To calculate all pair wise distances without periodic boundaries and double precision use.
from pbc_distances import distance_sse3 as pbc
import numpy as np
pos = np.random.uniform(-1, 1, size=(5000, 3))
dist = pbc.pairwise_distance(pos, pos, box=None, precision='double')
If you have periodic boundary condition just supply the box argument. pbc_distances will try to figure out what box you supplied and use the appropriate algorithm.
The above example uses the SSE3 implementation. Please have a look into the setup.py which SIMD instruction sets are currently compiled.
Besides pairwise distances pbc_distances also supports bond, angle and dihedral.
build only the extension
python setup.py build_ext -i
installation
python setup.py install
The repository contains some benchmark results in the results_***.md files. It compares the performance of this module with MDAnalysis and mdtraj.

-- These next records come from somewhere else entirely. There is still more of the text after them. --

lemma integral_J_norm2_le_young:
  fixes p :: "'w \<Rightarrow> real \<Rightarrow> real \<times> (real^'d)" and Y :: "'w \<Rightarrow> real \<Rightarrow> real^'e"
    and f :: "real^'e \<Rightarrow> real^'e" and g :: "real^'e \<Rightarrow> real^'d^'e"
    and F :: "real^'e \<Rightarrow> 'v::euclidean_space"
  assumes P: "prob_space M"
    and ode: "\<And>w i u. w \<in> space M \<Longrightarrow> i < m \<Longrightarrow> u \<in> {r i..r (Suc i)} \<Longrightarrow>
      (Y w has_vector_derivative
         (let D = (1 / (r (Suc i) - r i)) *\<^sub>R (p w (r (Suc i)) - p w (r i))
          in fst D *\<^sub>R f (Y w u) + g (Y w u) *v snd D))
      (at u within {r i..r (Suc i)})"
    and f_growth: "\<And>z. norm (f z) \<le> C * (1 + norm z)"
    and g_growth: "\<And>z. norm (g z) \<le> C * (1 + norm z)"
    and Lip: "L-lipschitz_on UNIV F" and \<epsilon>: "0 < \<epsilon>"
    and nodes: "\<And>i. i \<le> m \<Longrightarrow> (\<lambda>w. p w (r i)) \<in> borel_measurable M"
    and Y_meas: "\<And>u. u \<in> {0..1} \<Longrightarrow> (\<lambda>w. Y w u) \<in> borel_measurable M"
    and init: "\<And>w. w \<in> space M \<Longrightarrow> Y w 0 = Y0 w"
    and time: "\<And>w. w \<in> space M \<Longrightarrow> variation r m (p w) Tau = T"
    and int_init: "integrable M (\<lambda>w. (1 + norm (Y0 w)) ^ 4)"
    and int_exp: "integrable M (\<lambda>w. exp (16 * C * pl_length r m (p w)))"
    and int_var: "integrable M
      (\<lambda>w. (variation r m (p w) Tau + variation r m (p w) Omega) ^ (8 * Suc (cnt Omega al)))"
  shows "integrable M (\<lambda>w. J_norm2 r m (p w) (Y w) F al)
    \<and> (\<integral>w. J_norm2 r m (p w) (Y w) F al \<partial>M)
      \<le> real CARD('d) ^ cnt Omega al * (2 * C * L)\<^sup>2 * T ^ (2 * cnt Tau al)
        * (\<epsilon> / 2 * (\<integral>w. (1 + norm (Y0 w)) ^ 4 \<partial>M)
           + \<epsilon> / 4 * (\<integral>w. exp (16 * C * pl_length r m (p w)) \<partial>M)
           + (\<integral>w. (variation r m (p w) Tau + variation r m (p w) Omega) ^ (8 * Suc (cnt Omega al)) \<partial>M)
             / (4 * \<epsilon> ^ 3))"
proof -
  interpret prob_space M by (rule P)
  define G where "G w = real CARD('d) ^ cnt Omega al * (2 * C * L)\<^sup>2 * T ^ (2 * cnt Tau al)
    * (\<epsilon> / 2 * (1 + norm (Y0 w)) ^ 4 + \<epsilon> / 4 * exp (16 * C * pl_length r m (p w))
       + (variation r m (p w) Tau + variation r m (p w) Omega) ^ (8 * Suc (cnt Omega al)) / (4 * \<epsilon> ^ 3))"
    for w
  have G: "integrable M G"
    unfolding G_def using int_init int_exp int_var by simp
  have J_le_G: "J_norm2 r m (p w) (Y w) F al \<le> G w" if w: "w \<in> space M" for w
    using J_norm2_le_young[OF ode[OF w] f_growth g_growth Lip \<epsilon>] by (simp add: G_def init time w)
  have Y_cont: "continuous_on {0..1} (Y w)" if "w \<in> space M" for w
    by (rule continuous_on_of_piecewise_derivative[OF ode[OF that]])
  have J_meas: "(\<lambda>w. J_norm2 r m (p w) (Y w) F al) \<in> borel_measurable M"
    by (rule measurable_J_norm2[where p = p and Y = Y, OF nodes Y_cont Y_meas
          lipschitz_on_continuous_on[OF Lip]])
  have J: "integrable M (\<lambda>w. J_norm2 r m (p w) (Y w) F al)"
    by (rule Bochner_Integration.integrable_bound[OF G J_meas])
       (auto intro!: AE_I2 order_trans[OF J_le_G abs_ge_self] simp: J_norm2_nonneg)
  have "(\<integral>w. J_norm2 r m (p w) (Y w) F al \<partial>M) \<le> integral\<^sup>L M G"
    by (rule integral_mono[OF J G J_le_G])
  also have "integral\<^sup>L M G = real CARD('d) ^ cnt Omega al * (2 * C * L)\<^sup>2 * T ^ (2 * cnt Tau al)
        * (\<epsilon> / 2 * (\<integral>w. (1 + norm (Y0 w)) ^ 4 \<partial>M)
           + \<epsilon> / 4 * (\<integral>w. exp (16 * C * pl_length r m (p w)) \<partial>M)
           + (\<integral>w. (variation r m (p w) Tau + variation r m (p w) Omega) ^ (8 * Suc (cnt Omega al)) \<partial>M)
             / (4 * \<epsilon> ^ 3))"
    unfolding G_def using int_init int_exp int_var by simp
  finally show ?thesis using J by simp
qed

The possible performance gains using this module are up to a factor of 10. Below is the used CPU and compiler.
gcc = 7.2.1 CPU = Intel(R) Core(TM) i7-4600U CPU @ 2.10GHz
The library achieves it's performance by using SIMD instructions. To be able to run on many different platforms it uses inastemp_. This allows the library to be compiled against many different SIMD instructions and always choosing the best possible option.
The pbc algorithms are implemented as c++ functors in mic_*.h. Having these functors allows to decouple them from the actual distance calculations. This results in just having to write one distance algorithm and have c++ templates figure out the concrete types. This design let's us reuse code as much as possible and with enabled optimizations -O3 the compiler is also able to remove all boiler plate we created.

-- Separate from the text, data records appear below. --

(* Let $\Omega$ be a domain partitioned as $\Omega=\bigcup_{k=1}^K\Omega_k$, let $X$, $Y$, $Z$ be spaces as described in the context, with linear operators $A: X\to Y$ and $B:X\to Z$, data $f\in Y$, $g\in Z$, and a weight $\tau\ge 0$. Suppose the boundary value problem $Au=f$ in $\Omega$, $Bu=g$ on $\partial\Omega$ has a solution $u^*$ with an approximating sequence $\{u_n^*\}_{n\ge1}\subset X$ (in the sense of the context). For each $k=1,\dots,K$ let $G_k$ be a compact subset of $Y|_{\Omega_k}$ containing $\{(Au_n^*-f)|_{\Omega_k}\}_{n\ge 1}$, and set $$\tilde V_K=\{v\in X:\ (Av-f)|_{\Omega_k}\in G_k\ \text{for all } k=1,\dots,K\}.$$ Then for every $\epsilon>0$ there exist integers $N_{\epsilon,1},\dots,N_{\epsilon,K}$ such that, with $\mathbf N_{\epsilon,K}=(N_{\epsilon,1},\dots,N_{\epsilon,K})$, $$\mathcal J_\tau^{h,\mathbf N_{\epsilon,K}}(v)\ \ge\ \mathcal J_\tau(v)-\epsilon\qquad\text{for all } v\in\tilde V_K .$$
   Context: Setting: $X$ is a space of functions on $\Omega$; $Y$ is a Hilbert space of functions on $\Omega$ and, for each subdomain $\Omega_k$, $Y|_{\Omega_k}$ denotes the Hilbert space with the same structure as $Y$ but over $\Omega_k$, such that $\|w\|_Y^2=\sum_{k=1}^K\|w|_{\Omega_k}\|_{Y|_{\Omega_k}}^2$ (e.g. $Y=L^2(\Omega)$, $Y|_{\Omega_k}=L^2(\Omega_k)$); $Z$ is a normed space of functions on $\partial\Omega$. For each $k$, $\{\Phi_{k,i}\}_{i\ge1}$ is a complete orthonormal basis of $Y|_{\Omega_k}$, and $(w,\Phi_{k,i})_Y$ denotes the inner product in $Y|_{\Omega_k}$ of $w|_{\Omega_k}$ with $\Phi_{k,i}$. The loss functionals are $$\mathcal J_\tau(v)=\|f-Av\|_Y^2+\tau\|Bv-g\|_Z^2,\qquad \mathcal J_\tau^{h,\mathbf N}(v)=\sum_{k=1}^K\sum_{i=1}^{N_k}(f-Av,\Phi_{k,i})_Y^2+\tau\|Bv-g\|_Z^2,$$ for $\mathbf N=(N_1,\dots,N_K)$. Solution concept: $u^*$ (in a space $V$) is a solution of $Au=f$, $Bu=g$ if there is a sequence $\{u_n^*\}\subset X$ with $\|u_n^*-u^*\|_V\to0$ and $\|Au_n^*-f\|_Y+\|Bu_n^*-g\|_Z\to 0$; such a sequence is called an approximating sequence of $u^*$. *)

theory Defs
  imports "HOL-Analysis.Analysis"
begin

definition linear_on_set :: "'v::real_vector set \<Rightarrow> ('v \<Rightarrow> 'y::real_vector) \<Rightarrow> bool" where
  "linear_on_set X T \<longleftrightarrow> subspace X \<and>
     (\<forall>x\<in>X. \<forall>y\<in>X. T (x + y) = T x + T y) \<and> (\<forall>c. \<forall>x\<in>X. T (c *\<^sub>R x) = c *\<^sub>R T x)"

definition complete_orthonormal_basis :: "'w::{real_inner,complete_space} set \<Rightarrow> (nat \<Rightarrow> 'w) \<Rightarrow> bool" where
  "complete_orthonormal_basis S Phi \<longleftrightarrow>
     (\<forall>i\<ge>1. Phi i \<in> S) \<and>
     (\<forall>i\<ge>1. \<forall>j\<ge>1. inner (Phi i) (Phi j) = (if i = j then 1 else 0)) \<and>
     closure (span (Phi ` {1..})) = S"

definition approximating_sequence ::
  "'v::real_normed_vector set \<Rightarrow> ('v \<Rightarrow> 'y::real_normed_vector) \<Rightarrow> ('v \<Rightarrow> 'z::real_normed_vector)
   \<Rightarrow> 'y \<Rightarrow> 'z \<Rightarrow> 'v \<Rightarrow> (nat \<Rightarrow> 'v) \<Rightarrow> bool" where
  "approximating_sequence X A B f g ustar u \<longleftrightarrow>
     (\<forall>n. u n \<in> X) \<and>
     (\<lambda>n. norm (u n - ustar)) \<longlonglongrightarrow> 0 \<and>
     (\<lambda>n. norm (A (u n) - f) + norm (B (u n) - g)) \<longlonglongrightarrow> 0"

definition loss_J ::
  "('v \<Rightarrow> 'y::real_normed_vector) \<Rightarrow> ('v \<Rightarrow> 'z::real_normed_vector) \<Rightarrow> 'y \<Rightarrow> 'z \<Rightarrow> real \<Rightarrow> 'v \<Rightarrow> real" where
  "loss_J A B f g \<tau> v = (norm (f - A v))\<^sup>2 + \<tau> * (norm (B v - g))\<^sup>2"

text \<open>The discretised loss J_tau^{h,N}; r k is the restriction to Omega_k, Phi k i the basis.\<close>
definition loss_Jh ::
  "nat \<Rightarrow> (nat \<Rightarrow> 'y \<Rightarrow> 'w::real_inner) \<Rightarrow> (nat \<Rightarrow> nat \<Rightarrow> 'w) \<Rightarrow> (nat \<Rightarrow> nat)
   \<Rightarrow> ('v \<Rightarrow> 'y::real_normed_vector) \<Rightarrow> ('v \<Rightarrow> 'z::real_normed_vector) \<Rightarrow> 'y \<Rightarrow> 'z \<Rightarrow> real \<Rightarrow> 'v \<Rightarrow> real" where
  "loss_Jh K r Phi N A B f g \<tau> v =
     (\<Sum>k=1..K. \<Sum>i=1..N k. (inner (r k (f - A v)) (Phi k i))\<^sup>2) + \<tau> * (norm (B v - g))\<^sup>2"

end

theory Submission
  imports Defs
begin

text \<open>Only the first terms of the two losses differ, by the sum over the subdomains of the Bessel
remainders \<open>\<parallel>w\<parallel>\<^sup>2 - \<Sum>\<^bsub>i\<le>N\<^esub> \<langle>w, \<Phi>\<^sub>i\<rangle>\<^sup>2\<close> of the restricted residuals \<open>w\<close>.  Such a remainder is at most
the squared distance of \<open>w\<close> to the span of the first \<open>N\<close> basis vectors.  These spans increase
and their union is dense, so by compactness a single \<open>N\<close> brings them within any prescribed
distance of every point of \<open>G k\<close>: the remainder tends to zero uniformly on \<open>G k\<close>.\<close>

lemma Bessel_remainder_le_dist_span:
  fixes Phi :: "'i \<Rightarrow> 'w::real_inner"
  assumes "finite I"
    and orthonormal: "\<And>i j. i \<in> I \<Longrightarrow> j \<in> I \<Longrightarrow> inner (Phi i) (Phi j) = (if i = j then 1 else 0)"
    and y: "y \<in> span (Phi ` I)"
  shows "(norm w)\<^sup>2 - (\<Sum>i\<in>I. (inner w (Phi i))\<^sup>2) \<le> (norm (w - y))\<^sup>2"
proof -
  define p where "p = (\<Sum>i\<in>I. inner w (Phi i) *\<^sub>R Phi i)"
  have p_coeff: "inner p (Phi j) = inner w (Phi j)" if "j \<in> I" for j
  proof -
    have "inner p (Phi j) = (\<Sum>i\<in>I. inner w (Phi i) * (if i = j then 1 else 0))"
      unfolding p_def inner_sum_left inner_scaleR_left
      by (rule sum.cong) (use that orthonormal in auto)
    also have "\<dots> = inner w (Phi j)"
      using that \<open>finite I\<close> by (simp add: if_distrib cong: if_cong)
    finally show ?thesis .
  qed
  have residual_orthogonal: "inner (w - p) z = 0" if "z \<in> span (Phi ` I)" for z
    using that
  proof (rule span_induct)
    show "subspace {z. inner (w - p) z = 0}"
      by (auto simp: subspace_def inner_add_right)
  qed (use p_coeff in \<open>auto simp: inner_diff_left\<close>)
  have p_span: "p \<in> span (Phi ` I)"
    unfolding p_def by (intro span_sum span_scale span_base) auto
  have "(norm (w - y))\<^sup>2 = (norm ((w - p) + (p - y)))\<^sup>2"
    by simp
  also have "\<dots> = (norm (w - p))\<^sup>2 + (norm (p - y))\<^sup>2"
    using residual_orthogonal[OF span_diff[OF p_span y]]
    by (intro norm_add_Pythagorean) (simp add: orthogonal_def)
  also have "(norm (w - p))\<^sup>2 = (norm w)\<^sup>2 - inner w p"
    using residual_orthogonal[OF p_span]
    by (simp add: power2_norm_eq_inner inner_diff_left inner_diff_right inner_commute)
  also have "inner w p = (\<Sum>i\<in>I. (inner w (Phi i))\<^sup>2)"
    unfolding p_def inner_sum_right inner_scaleR_right by (simp add: power2_eq_square)
  finally show ?thesis
    by simp
qed

lemma span_image_atLeast_eq_UN:
  fixes Phi :: "nat \<Rightarrow> 'a::real_vector"
  shows "span (Phi ` {m..}) = (\<Union>M. span (Phi ` {m..M}))"
proof
  show "span (Phi ` {m..}) \<subseteq> (\<Union>M. span (Phi ` {m..M}))"
  proof
    fix y assume "y \<in> span (Phi ` {m..})"
    then obtain t c where y: "y = (\<Sum>a\<in>t. c a *\<^sub>R a)" and t: "finite t" "t \<subseteq> Phi ` {m..}"
      unfolding span_explicit by blast
    obtain C where C: "C \<subseteq> {m..}" "finite C" "t = Phi ` C"
      using finite_subset_image[OF t] by blast
    obtain M where "\<forall>i\<in>C. i \<le> M"
      using C(2) finite_nat_set_iff_bounded_le by blast
    with C have "t \<subseteq> Phi ` {m..M}"
      by auto
    moreover have "y \<in> span t"
      unfolding y by (intro span_sum span_scale span_base)
    ultimately show "y \<in> (\<Union>M. span (Phi ` {m..M}))"
      using span_mono by blast
  qed
  show "(\<Union>M. span (Phi ` {m..M})) \<subseteq> span (Phi ` {m..})"
    by (intro UN_least span_mono image_mono) auto
qed

lemma compact_eventually_subset_incseq_open_cover:
  fixes U :: "nat \<Rightarrow> 'a::topological_space set"
  assumes "compact G" "\<And>N. open (U N)" "incseq U" "G \<subseteq> (\<Union>N. U N)"
  shows "\<forall>\<^sub>F N in sequentially. G \<subseteq> U N"
proof -
  obtain D where "finite D" "G \<subseteq> (\<Union>N\<in>D. U N)"
    using compactE_image[of G UNIV U] assms by auto
  moreover obtain M where "\<forall>N\<in>D. N \<le> M"
    using \<open>finite D\<close> finite_nat_set_iff_bounded_le by blast
  ultimately have "G \<subseteq> U N" if "N \<ge> M" for N
    using that monoD[OF \<open>incseq U\<close>] by (meson UN_subset_iff order_trans subset_trans)
  then show ?thesis
    by (rule eventually_sequentiallyI)
qed

lemma compact_uniform_Parseval:
  fixes Phi :: "nat \<Rightarrow> 'w::{real_inner,complete_space}"
  assumes basis: "complete_orthonormal_basis S Phi"
    and "compact G" "G \<subseteq> S" "e > 0"
  shows "\<forall>\<^sub>F N in sequentially. \<forall>w\<in>G. (norm w)\<^sup>2 - (\<Sum>i=1..N. (inner w (Phi i))\<^sup>2) \<le> e"
proof -
  have orthonormal: "\<forall>i\<ge>1. \<forall>j\<ge>1. inner (Phi i) (Phi j) = (if i = j then 1 else 0)"
    and dense: "closure (span (Phi ` {1..})) = S"
    using basis by (auto simp: complete_orthonormal_basis_def)
  define U where "U N = (\<Union>y\<in>span (Phi ` {1..N}). ball y (sqrt e))" for N
  have "span (Phi ` {1..M}) \<subseteq> span (Phi ` {1..N})" if "M \<le> N" for M N
    using that by (intro span_mono image_mono) auto
  then have "incseq U"
    unfolding U_def incseq_def by blast
  moreover have "G \<subseteq> (\<Union>N. U N)"
  proof
    fix w assume "w \<in> G"
    then have "w \<in> closure (span (Phi ` {1..}))"
      using \<open>G \<subseteq> S\<close> dense by blast
    then obtain y where "y \<in> span (Phi ` {1..})" "dist y w < sqrt e"
      using \<open>e > 0\<close> closure_approachable real_sqrt_gt_zero by blast
    then show "w \<in> (\<Union>N. U N)"
      unfolding U_def span_image_atLeast_eq_UN by auto
  qed
  moreover have "open (U N)" for N
    unfolding U_def by blast
  ultimately have "\<forall>\<^sub>F N in sequentially. G \<subseteq> U N"
    using compact_eventually_subset_incseq_open_cover \<open>compact G\<close> by blast
  then show ?thesis
  proof (rule eventually_mono, intro ballI)
    fix N w assume "G \<subseteq> U N" "w \<in> G"
    then obtain y where y: "y \<in> span (Phi ` {1..N})" "dist y w < sqrt e"
      unfolding U_def by auto
    have "(norm w)\<^sup>2 - (\<Sum>i=1..N. (inner w (Phi i))\<^sup>2) \<le> (norm (w - y))\<^sup>2"
      using orthonormal by (intro Bessel_remainder_le_dist_span y(1)) auto
    also have "\<dots> \<le> (sqrt e)\<^sup>2"
      using y(2) by (intro power_mono) (auto simp: dist_norm norm_minus_commute)
    finally show "(norm w)\<^sup>2 - (\<Sum>i=1..N. (inner w (Phi i))\<^sup>2) \<le> e"
      using \<open>e > 0\<close> by simp
  qed
qed

lemma loss_J_le_loss_Jh_add:
  assumes "\<And>w. (norm w)\<^sup>2 = (\<Sum>k=1..K. (norm (r k w))\<^sup>2)"
    and "\<And>k. k \<in> {1..K} \<Longrightarrow>
      (norm (r k (f - A v)))\<^sup>2 - (\<Sum>i=1..N k. (inner (r k (f - A v)) (Phi k i))\<^sup>2) \<le> e"
  shows "loss_J A B f g \<tau> v \<le> loss_Jh K r Phi N A B f g \<tau> v + real K * e"
proof -
  have "(norm (f - A v))\<^sup>2 = (\<Sum>k=1..K. (norm (r k (f - A v)))\<^sup>2)"
    by (rule assms(1))
  also have "\<dots> \<le> (\<Sum>k=1..K. (\<Sum>i=1..N k. (inner (r k (f - A v)) (Phi k i))\<^sup>2) + e)"
    using assms(2) by (intro sum_mono) (simp add: algebra_simps)
  also have "\<dots> = (\<Sum>k=1..K. \<Sum>i=1..N k. (inner (r k (f - A v)) (Phi k i))\<^sup>2) + real K * e"
    by (simp add: sum.distrib)
  finally show ?thesis
    unfolding loss_Jh_def loss_J_def by simp
qed

theorem mainTheorem1:
  fixes X :: "'v::real_normed_vector set"
    and A :: "'v \<Rightarrow> 'y::real_normed_vector"
    and B :: "'v \<Rightarrow> 'z::real_normed_vector"
    and K :: nat
    and S :: "nat \<Rightarrow> 'w::{real_inner,complete_space} set"
    and r :: "nat \<Rightarrow> 'y \<Rightarrow> 'w"
    and Phi :: "nat \<Rightarrow> nat \<Rightarrow> 'w"
    and f :: 'y and g :: 'z and \<tau> :: real
    and ustar :: 'v and u :: "nat \<Rightarrow> 'v"
    and G :: "nat \<Rightarrow> 'w set"
  assumes "linear_on_set X A" and "linear_on_set X B"
    and "\<And>k. k \<in> {1..K} \<Longrightarrow> linear (r k)"
    and "\<And>k w. k \<in> {1..K} \<Longrightarrow> r k w \<in> S k"
    and "\<And>w. (norm w)\<^sup>2 = (\<Sum>k=1..K. (norm (r k w))\<^sup>2)"
    and "\<And>k. k \<in> {1..K} \<Longrightarrow> complete_orthonormal_basis (S k) (Phi k)"
    and "\<tau> \<ge> 0"
    and "approximating_sequence X A B f g ustar u"
    and "\<And>k. k \<in> {1..K} \<Longrightarrow> compact (G k) \<and> G k \<subseteq> S k"
    and "\<And>k n. k \<in> {1..K} \<Longrightarrow> r k (A (u n) - f) \<in> G k"
  shows "\<forall>\<epsilon>>0. \<exists>N :: nat \<Rightarrow> nat. \<forall>v \<in> {v \<in> X. \<forall>k\<in>{1..K}. r k (A v - f) \<in> G k}.
           loss_Jh K r Phi N A B f g \<tau> v \<ge> loss_J A B f g \<tau> v - \<epsilon>"
proof (intro allI impI)
  fix \<epsilon> :: real assume "\<epsilon> > 0"
  define e where "e = \<epsilon> / (real K + 1)"
  have "e > 0" "real K * e \<le> \<epsilon>"
    using \<open>\<epsilon> > 0\<close> by (simp_all add: e_def field_simps)
  have "\<forall>\<^sub>F N in sequentially. \<forall>k\<in>{1..K}. \<forall>w\<in>G k. (norm w)\<^sup>2 - (\<Sum>i=1..N. (inner w (Phi k i))\<^sup>2) \<le> e"
    using assms(6,9) \<open>e > 0\<close> by (intro eventually_ball_finite ballI compact_uniform_Parseval) auto
  then obtain N where N: "\<forall>k\<in>{1..K}. \<forall>w\<in>G k. (norm w)\<^sup>2 - (\<Sum>i=1..N. (inner w (Phi k i))\<^sup>2) \<le> e"
    unfolding eventually_sequentially by blast
  show "\<exists>N :: nat \<Rightarrow> nat. \<forall>v \<in> {v \<in> X. \<forall>k\<in>{1..K}. r k (A v - f) \<in> G k}.
           loss_Jh K r Phi N A B f g \<tau> v \<ge> loss_J A B f g \<tau> v - \<epsilon>"
  proof (intro exI[of _ "\<lambda>_. N"] ballI)
    fix v assume v: "v \<in> {v \<in> X. \<forall>k\<in>{1..K}. r k (A v - f) \<in> G k}"
    have "(norm (r k (f - A v)))\<^sup>2 - (\<Sum>i=1..N. (inner (r k (f - A v)) (Phi k i))\<^sup>2) \<le> e"
      if k: "k \<in> {1..K}" for k
    proof -
      have "r k (A v - f) \<in> G k"
        using v k by simp
      moreover have "r k (f - A v) = - r k (A v - f)"
        using linear_neg[OF assms(3)[OF k]] by (metis minus_diff_eq)
      ultimately show ?thesis
        using N k by fastforce
    qed
    then have "loss_J A B f g \<tau> v \<le> loss_Jh K r Phi (\<lambda>_. N) A B f g \<tau> v + real K * e"
      by (rule loss_J_le_loss_Jh_add[OF assms(5)])
    with \<open>real K * e \<le> \<epsilon>\<close> show "loss_Jh K r Phi (\<lambda>_. N) A B f g \<tau> v \<ge> loss_J A B f g \<tau> v - \<epsilon>"
      by linarith
  qed
qed

end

To expose the distance to cython it's best to only have pod data types (double, float) as a template parameter. Therefore you might need to create one distance function that takes an template parameter for the SIMD type to use called __distance_...(...) and expose it to cython as
// vectorized version
template<typename T>
_distance_...(...) {
using VecType = InaVecBestType<T>;
__distance<VecType, T, mic_func>(...);
}
// non vectorized version
template<typename T>
_distance_..._scalar(...) {
using VecType = InaVecSCALAR<T>;
__distance<VecType, T, mic_func>(...);
}
As one should note creating a non vectorized version is also simple with
inastemp as the example above shows.
Due to the code reuse design we only need to test the minimal image convention distances once for every box type. This means there is no need to test all box types for all the different distances (pairwise/bond/angle/dihedral) that pbc_distances provides.
The different distances can then be tested using no pbc conditions.